За дверью она поняла, что не только ее власть над Алкой закончилась, но теперь их роли, похоже, поменялись, и уже Раевская прибирает ее жизнь к рукам… И что Света после сказанного непременно влюбится, да так, что наперекосяк пойдет вся жизнь. По пути домой она заехала в церковь, поставила свечку за успехи мистера Домби и попросила
Николая-угодника, чтобы он явил чудо, не позволив ей влюбляться, ибо это одно из самых тяжелых женских ремесел, а ей, в ее тридцать семь, оно и вовсе не по силам. Но внутри нее что-то непрерывно росло, похожее на огромное, очень сильное дерево с крепкими корнями, и распирала бессмысленная радость.
Неужели это Алка так ее развернула, возмущенно думала Света. Неужели она может столкнуть с рельсов одним словом? Или только меня, потому что я к ней привязана? Нет, вряд ли. Алка всегда была честная и правильная девочка. Но последнее время, возразила Света самой себе, она изолгалась и сама в этом признавалась. Что она молотила про черта? Еще и шкаф сумела исцарапать. Только непонятно, кто хватал
Свету за лицо. Насчет этого сомневаться не приходилось, такую боль не придумаешь. Света быстро перекрестилась, но дерево все распускало побеги, а радость уже начинала душить.

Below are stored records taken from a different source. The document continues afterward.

lemma wsu_expect_diff:
  "wsu_expect K \<eta> \<gamma> l n (\<lambda>p. f p - f' p) = wsu_expect K \<eta> \<gamma> l n f - wsu_expect K \<eta> \<gamma> l n f'"
  unfolding wsu_expect_histories by (simp add: right_diff_distrib sum_subtractf)

lemma sum_mix:
  assumes "K \<ge> 1" "(\<Sum>i=1..K. p i) = 1"
  shows "(\<Sum>i=1..K. mix K \<gamma> p i) = 1"
  using assms by (simp add: mix_def sum.distrib sum_distrib_left[symmetric])

lemma wsu_expect_const:
  assumes "K \<ge> 1" and "\<And>h. set h \<subseteq> {1..K} \<Longrightarrow> (\<Sum>i=1..K. wsu_pi K \<eta> \<gamma> l h i) = 1"
  shows "wsu_expect K \<eta> \<gamma> l n (\<lambda>_. c) = c"
proof (induction n)
  case 0
  show ?case by (simp add: wsu_expect_0)
next
  case (Suc n)
  have "wsu_expect K \<eta> \<gamma> l (Suc n) (\<lambda>_. c) = wsu_expect K \<eta> \<gamma> l n (\<lambda>p. c * (\<Sum>i=1..K. mix K \<gamma> p i))"
    by (simp add: wsu_expect_Suc sum_distrib_left ac_simps)
  also have "\<dots> = wsu_expect K \<eta> \<gamma> l n (\<lambda>_. c)"
    unfolding wsu_expect_histories
  proof (rule sum.cong)
    fix h assume "h \<in> histories K n"
    then have "(\<Sum>i=1..K. mix K \<gamma> (wsu_pi K \<eta> \<gamma> l h) i) = 1"
      using assms by (intro sum_mix) (auto simp: histories_def)
    then show "hist_prob K \<eta> \<gamma> l h * (c * (\<Sum>i=1..K. mix K \<gamma> (wsu_pi K \<eta> \<gamma> l h) i))
        = hist_prob K \<eta> \<gamma> l h * c" by simp
  qed simp
  finally show ?case using Suc by simp
qed

lemma wsu_expect_le_prod:
  assumes nonneg: "\<And>h. set h \<subseteq> {1..K} \<Longrightarrow> 0 \<le> hist_prob K \<eta> \<gamma> l h"
    and inv: "\<And>h. set h \<subseteq> {1..K} \<Longrightarrow> P (wsu_pi K \<eta> \<gamma> l h)"
    and step: "\<And>t p. P p \<Longrightarrow> (\<Sum>i=1..K. mix K \<gamma> p i * f (wsu_step K \<eta> \<gamma> l t p i)) \<le> c t * f p"
    and c_nonneg: "\<And>t. 0 \<le> c t"
  shows "wsu_expect K \<eta> \<gamma> l n f \<le> (\<Prod>t=1..n. c t) * f (\<lambda>i. 1 / real K)"
proof (induction n)
  case 0
  show ?case by (simp add: wsu_expect_0)
next
  case (Suc n)
  have "wsu_expect K \<eta> \<gamma> l (Suc n) f \<le> wsu_expect K \<eta> \<gamma> l n (\<lambda>p. c (Suc n) * f p)"
    unfolding wsu_expect_Suc by (rule wsu_expect_mono, fact nonneg, rule step, rule inv)
  also have "\<dots> \<le> c (Suc n) * ((\<Prod>t=1..n. c t) * f (\<lambda>i. 1 / real K))"
    unfolding wsu_expect_cmult using Suc c_nonneg by (rule mult_left_mono)
  finally show ?case by (simp add: prod.nat_ivl_Suc' ac_simps)
qed

text \<open>The left-hand sides below are the expected odds after a round in which only arm \<open>a\<close>
  (weight \<open>pa\<close>) is charged and is drawn with probability \<open>x\<close>: a draw of \<open>a\<close> moves the weights
  to \<open>pa (x - \<eta> pb) / x\<close> and \<open>pb (x + \<eta> pa) / x\<close>, any other draw leaves them unchanged.\<close>

lemma odds_growth_bound:
  fixes pa pb x \<eta> :: real
  assumes "0 < pa" "0 < pb" "pa + pb = 1" "0 < \<eta>" "2 * \<eta> \<le> x"
  shows "x * ((pb * (x + \<eta> * pa) / x) / (pa * (x - \<eta> * pb) / x)) + (1 - x) * (pb / pa)
           \<le> (1 + 2 * \<eta>) * (pb / pa)"
proof -
  have "\<eta> * pb \<le> \<eta>" "0 < \<eta> * pb" using assms by (simp_all add: mult_left_le)
  then have small: "2 * (\<eta> * pb) \<le> x" and d: "0 < x - \<eta> * pb" and "0 < x"
    using assms by linarith+
  have eq: "x + \<eta> * pa = (x - \<eta> * pb) + \<eta>"
    using assms(3) by (simp add: algebra_simps flip: distrib_left)
  have "(pb * (x + \<eta> * pa) / x) / (pa * (x - \<eta> * pb) / x)
      = (pb / pa) * ((x + \<eta> * pa) / (x - \<eta> * pb))"
    using \<open>0 < x\<close> by simp
  also have "(x + \<eta> * pa) / (x - \<eta> * pb) = 1 + \<eta> / (x - \<eta> * pb)"
    unfolding eq using d by (simp add: add_divide_distrib)
  finally have ratio: "(pb * (x + \<eta> * pa) / x) / (pa * (x - \<eta> * pb) / x)
      = (pb / pa) * (1 + \<eta> / (x - \<eta> * pb))" .
  have "x * ((pb * (x + \<eta> * pa) / x) / (pa * (x - \<eta> * pb) / x)) + (1 - x) * (pb / pa)
      = (pb / pa) * (1 + \<eta> * x / (x - \<eta> * pb))"
    unfolding ratio by (simp add: algebra_simps add_divide_distrib[symmetric])
  also have "\<dots> \<le> (pb / pa) * (1 + 2 * \<eta>)"
    using assms small d by (intro mult_left_mono) (simp_all add: field_simps)
  finally show ?thesis by (simp only: mult.commute)
qed

lemma odds_decay_bound:
  fixes pa pb x \<eta> :: real
  assumes "0 < pa" "0 < pb" "pa + pb = 1" "0 < \<eta>" "2 * \<eta> \<le> x"
  shows "x * ((pa * (x - \<eta> * pb) / x) / (pb * (x + \<eta> * pa) / x)) + (1 - x) * (pa / pb)
           \<le> (1 - 2 * \<eta> / 3) * (pa / pb)"
proof -
  have "\<eta> * pa \<le> \<eta>" "0 < \<eta> * pa" using assms by (simp_all add: mult_left_le)
  then have small: "2 * (\<eta> * pa) \<le> x" and d: "0 < x + \<eta> * pa" and "0 < x"
    using assms by linarith+
  have eq: "x - \<eta> * pb = (x + \<eta> * pa) - \<eta>"
    using assms(3) by (simp add: algebra_simps flip: distrib_left)
  have "(pa * (x - \<eta> * pb) / x) / (pb * (x + \<eta> * pa) / x)
      = (pa / pb) * ((x - \<eta> * pb) / (x + \<eta> * pa))"
    using \<open>0 < x\<close> by simp
  also have "(x - \<eta> * pb) / (x + \<eta> * pa) = 1 - \<eta> / (x + \<eta> * pa)"
    unfolding eq using d by (simp add: diff_divide_distrib)
  finally have ratio: "(pa * (x - \<eta> * pb) / x) / (pb * (x + \<eta> * pa) / x)
      = (pa / pb) * (1 - \<eta> / (x + \<eta> * pa))" .
  have "x * ((pa * (x - \<eta> * pb) / x) / (pb * (x + \<eta> * pa) / x)) + (1 - x) * (pa / pb)
      = (pa / pb) * (1 - \<eta> * x / (x + \<eta> * pa))"
    unfolding ratio by (simp add: algebra_simps add_divide_distrib[symmetric])
  also have "\<dots> \<le> (pa / pb) * (1 - 2 * \<eta> / 3)"
    using assms small d by (intro mult_left_mono) (simp_all add: field_simps)
  finally show ?thesis by (simp only: mult.commute)
qed

lemma two_arms_iff: "{a, b} = {1, 2::nat} \<longleftrightarrow> a = 1 \<and> b = 2 \<or> a = 2 \<and> b = 1"
  by (auto simp: doubleton_eq_iff)

lemma sum_two_arms:
  assumes "{a, b} = {1, 2::nat}"
  shows "(\<Sum>i=1..2. f i) = f a + f b"
  using assms unfolding two_arms_iff by (auto simp: numeral_2_eq_2 add.commute)

lemma wsu_step_penalized:
  fixes a b :: nat and p :: "nat \<Rightarrow> real" and \<gamma> :: real
  defines "x \<equiv> mix 2 \<gamma> p a"
  assumes ab: "{a, b} = {1, 2}" and loss: "l t a = 1" "l t b = 0"
    and p: "p a + p b = 1" and x: "x \<noteq> 0"
  shows "wsu_step 2 \<eta> \<gamma> l t p a a = p a * (x - \<eta> * p b) / x"
    and "wsu_step 2 \<eta> \<gamma> l t p a b = p b * (x + \<eta> * p a) / x"
    and "wsu_step 2 \<eta> \<gamma> l t p b = p"
proof -
  have "a \<noteq> b" using ab unfolding two_arms_iff by auto
  have est: "loss_est 2 \<gamma> l t p a a = 1 / x" "loss_est 2 \<gamma> l t p a b = 0"
    "loss_est 2 \<gamma> l t p b = (\<lambda>_. 0)"
    using loss \<open>a \<noteq> b\<close> by (auto simp: loss_est_def x_def)
  have avg: "(\<Sum>j\<in>{1..2}. p j * loss_est 2 \<gamma> l t p a j) = p a / x"
    unfolding sum_two_arms[OF ab] using est by simp
  have "wsu_step 2 \<eta> \<gamma> l t p a a = p a * (1 - \<eta> * (1 / x - p a / x))"
    unfolding wsu_step_def avg est ..
  also have "1 / x - p a / x = p b / x"
    using p by (simp add: diff_divide_distrib[symmetric] eq_diff_eq')
  also have "p a * (1 - \<eta> * (p b / x)) = p a * (x - \<eta> * p b) / x"
    using x by (simp add: field_simps)
  finally show "wsu_step 2 \<eta> \<gamma> l t p a a = p a * (x - \<eta> * p b) / x" .
  have "wsu_step 2 \<eta> \<gamma> l t p a b = p b * (1 - \<eta> * (0 - p a / x))"
    unfolding wsu_step_def avg est ..
  also have "\<dots> = p b * (x + \<eta> * p a) / x"
    using x by (simp add: field_simps)
  finally show "wsu_step 2 \<eta> \<gamma> l t p a b = p b * (x + \<eta> * p a) / x" .
  show "wsu_step 2 \<eta> \<gamma> l t p b = p"
    by (simp add: wsu_step_def est)
qed

lemma valid_pair_mix_ge:
  assumes "valid_pair 2 \<eta> \<gamma>" "0 \<le> p i"
  shows "2 * \<eta> \<le> mix 2 \<gamma> p i"
proof -
  have "4 * \<eta> \<le> \<gamma>" using assms(1) unfolding valid_pair_def by (auto simp: field_simps)
  moreover have "0 \<le> (1 - \<gamma>) * p i" using assms by (simp add: valid_pair_def)
  ultimately show ?thesis by (simp add: mix_def)
qed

В понедельник, сидя на работе, она вспоминала мистера Домби и его голубоватый цвет лица. “Любимая игрушка” незаметно высасывала из них кровь. Поглядывая на себя в маленькое зеркало, Света увидела, что ее кожа тоже приобрела оттенок голубоватого льда и до превращения в мисс Домби ей осталось немного. От количества клиентов подташнивало, от хлопка входной двери делалась легкая судорога, от голоса директора – спазм сосудов с последующей головной болью. Чувства заострились, но одновременно напало равнодушие. Спасаясь, Света разглядывала сайты турфирм в поисках острова. Все, что ей нужно для счастья, был остров с маяком. Она нашла четыре картинки, и на одной из них остров был как блин, на другой – в форме корабля, на третьей он напоминал зубчатый лес, а на четвертой – замок. Она позвала
Раевскую и попросила выбрать.
– Этот, – мельком взглянув, сразу выбрала Алка тот, что был в форме корабля. Она посмотрела на Свету, как юноша, который хочет признаться в любви, но не решается, и добавила: – Я тоже хочу.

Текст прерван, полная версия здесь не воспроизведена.